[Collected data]
lemma area_vector_has_vector_derivative:
  fixes \<gamma> :: "real \<times> real \<Rightarrow> real^3"
  assumes smooth: "smooth_on (U \<times> UNIV) \<gamma>" and U: "convex U" "t \<in> U" "at t within U \<noteq> bot"
    and periodic: "\<And>s u. s \<in> U \<Longrightarrow> \<gamma> (s, u + 2*pi) = \<gamma> (s, u)"
    and velocity: "\<And>u. ((\<lambda>s. \<gamma> (s, u)) has_vector_derivative V u) (at t within U)"
  shows "(area_vector \<gamma> has_vector_derivative integral {0..2*pi} (\<lambda>u. cross3 (V u) (d_u \<gamma> t u)))
    (at t within U)"
proof -
  obtain \<gamma>\<^sub>t \<gamma>\<^sub>u where smooth_t: "smooth_on (U \<times> UNIV) \<gamma>\<^sub>t" and smooth_u: "smooth_on (U \<times> UNIV) \<gamma>\<^sub>u"
    and \<gamma>\<^sub>t: "\<And>s u. s \<in> U \<Longrightarrow> ((\<lambda>s. \<gamma> (s, u)) has_vector_derivative \<gamma>\<^sub>t (s, u)) (at s within U)"
    and \<gamma>\<^sub>u: "\<And>s u. s \<in> U \<Longrightarrow> ((\<lambda>v. \<gamma> (s, v)) has_vector_derivative \<gamma>\<^sub>u (s, u)) (at u)"
    using smooth by (rule smooth_on_partial_derivatives) blast
  obtain \<gamma>\<^sub>u\<^sub>t \<gamma>\<^sub>u\<^sub>u where smooth_ut: "smooth_on (U \<times> UNIV) \<gamma>\<^sub>u\<^sub>t" "smooth_on (U \<times> UNIV) \<gamma>\<^sub>u\<^sub>u"
    and \<gamma>\<^sub>u\<^sub>t: "\<And>s u. s \<in> U \<Longrightarrow> ((\<lambda>s. \<gamma>\<^sub>u (s, u)) has_vector_derivative \<gamma>\<^sub>u\<^sub>t (s, u)) (at s within U)"
    and "\<And>s u. s \<in> U \<Longrightarrow> ((\<lambda>v. \<gamma>\<^sub>u (s, v)) has_vector_derivative \<gamma>\<^sub>u\<^sub>u (s, u)) (at u)"
    using smooth_u by (rule smooth_on_partial_derivatives) blast
  note cont = smooth_on_imp_continuous_on[OF smooth] smooth_on_imp_continuous_on[OF smooth_t]
    smooth_on_imp_continuous_on[OF smooth_u] smooth_on_imp_continuous_on[OF smooth_ut(1)]
  have V: "V u = \<gamma>\<^sub>t (t, u)" for u
    using vector_derivative_unique_within[OF U(3) velocity \<gamma>\<^sub>t[OF U(2)]] .
  have d_u: "d_u \<gamma> s u = \<gamma>\<^sub>u (s, u)" if "s \<in> U" for s u
    by (rule d_u_eqI[OF \<gamma>\<^sub>u[OF that]])
  have "((\<lambda>s. (1/2) *\<^sub>R integral {0..2*pi} (\<lambda>u. cross3 (\<gamma> (s, u)) (\<gamma>\<^sub>u (s, u)))) has_vector_derivative
      (1/2) *\<^sub>R 2 *\<^sub>R integral {0..2*pi} (\<lambda>u. cross3 (\<gamma>\<^sub>t (t, u)) (\<gamma>\<^sub>u (t, u)))) (at t within U)"
    by (rule bounded_linear.has_vector_derivative[OF bounded_linear_scaleR_right
          has_vector_derivative_integral_cross3_periodic[OF U periodic \<gamma>\<^sub>t \<gamma>\<^sub>u \<gamma>\<^sub>u\<^sub>t cont]])
  then have "((\<lambda>s. (1/2) *\<^sub>R integral {0..2*pi} (\<lambda>u. cross3 (\<gamma> (s, u)) (\<gamma>\<^sub>u (s, u)))) has_vector_derivative
      integral {0..2*pi} (\<lambda>u. cross3 (\<gamma>\<^sub>t (t, u)) (\<gamma>\<^sub>u (t, u)))) (at t within U)"
    by simp
  then show ?thesis
    unfolding V d_u[OF U(2)]
    by (rule has_vector_derivative_transform_within[OF _ zero_less_one U(2)])
      (simp add: area_vector_eq_integral_d_u d_u)
qed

▸ **Task statement**: Looking at the records above, please output exactly the lines that run from the one holding "using smooth_u by" to the final line, and only those.

▸ **Exercise result**:
    using smooth_u by (rule smooth_on_partial_derivatives) blast
  note cont = smooth_on_imp_continuous_on[OF smooth] smooth_on_imp_continuous_on[OF smooth_t]
    smooth_on_imp_continuous_on[OF smooth_u] smooth_on_imp_continuous_on[OF smooth_ut(1)]
  have V: "V u = \<gamma>\<^sub>t (t, u)" for u
    using vector_derivative_unique_within[OF U(3) velocity \<gamma>\<^sub>t[OF U(2)]] .
  have d_u: "d_u \<gamma> s u = \<gamma>\<^sub>u (s, u)" if "s \<in> U" for s u
    by (rule d_u_eqI[OF \<gamma>\<^sub>u[OF that]])
  have "((\<lambda>s. (1/2) *\<^sub>R integral {0..2*pi} (\<lambda>u. cross3 (\<gamma> (s, u)) (\<gamma>\<^sub>u (s, u)))) has_vector_derivative
      (1/2) *\<^sub>R 2 *\<^sub>R integral {0..2*pi} (\<lambda>u. cross3 (\<gamma>\<^sub>t (t, u)) (\<gamma>\<^sub>u (t, u)))) (at t within U)"
    by (rule bounded_linear.has_vector_derivative[OF bounded_linear_scaleR_right
          has_vector_derivative_integral_cross3_periodic[OF U periodic \<gamma>\<^sub>t \<gamma>\<^sub>u \<gamma>\<^sub>u\<^sub>t cont]])
  then have "((\<lambda>s. (1/2) *\<^sub>R integral {0..2*pi} (\<lambda>u. cross3 (\<gamma> (s, u)) (\<gamma>\<^sub>u (s, u)))) has_vector_derivative
      integral {0..2*pi} (\<lambda>u. cross3 (\<gamma>\<^sub>t (t, u)) (\<gamma>\<^sub>u (t, u)))) (at t within U)"
    by simp
  then show ?thesis
    unfolding V d_u[OF U(2)]
    by (rule has_vector_derivative_transform_within[OF _ zero_less_one U(2)])
      (simp add: area_vector_eq_integral_d_u d_u)
qed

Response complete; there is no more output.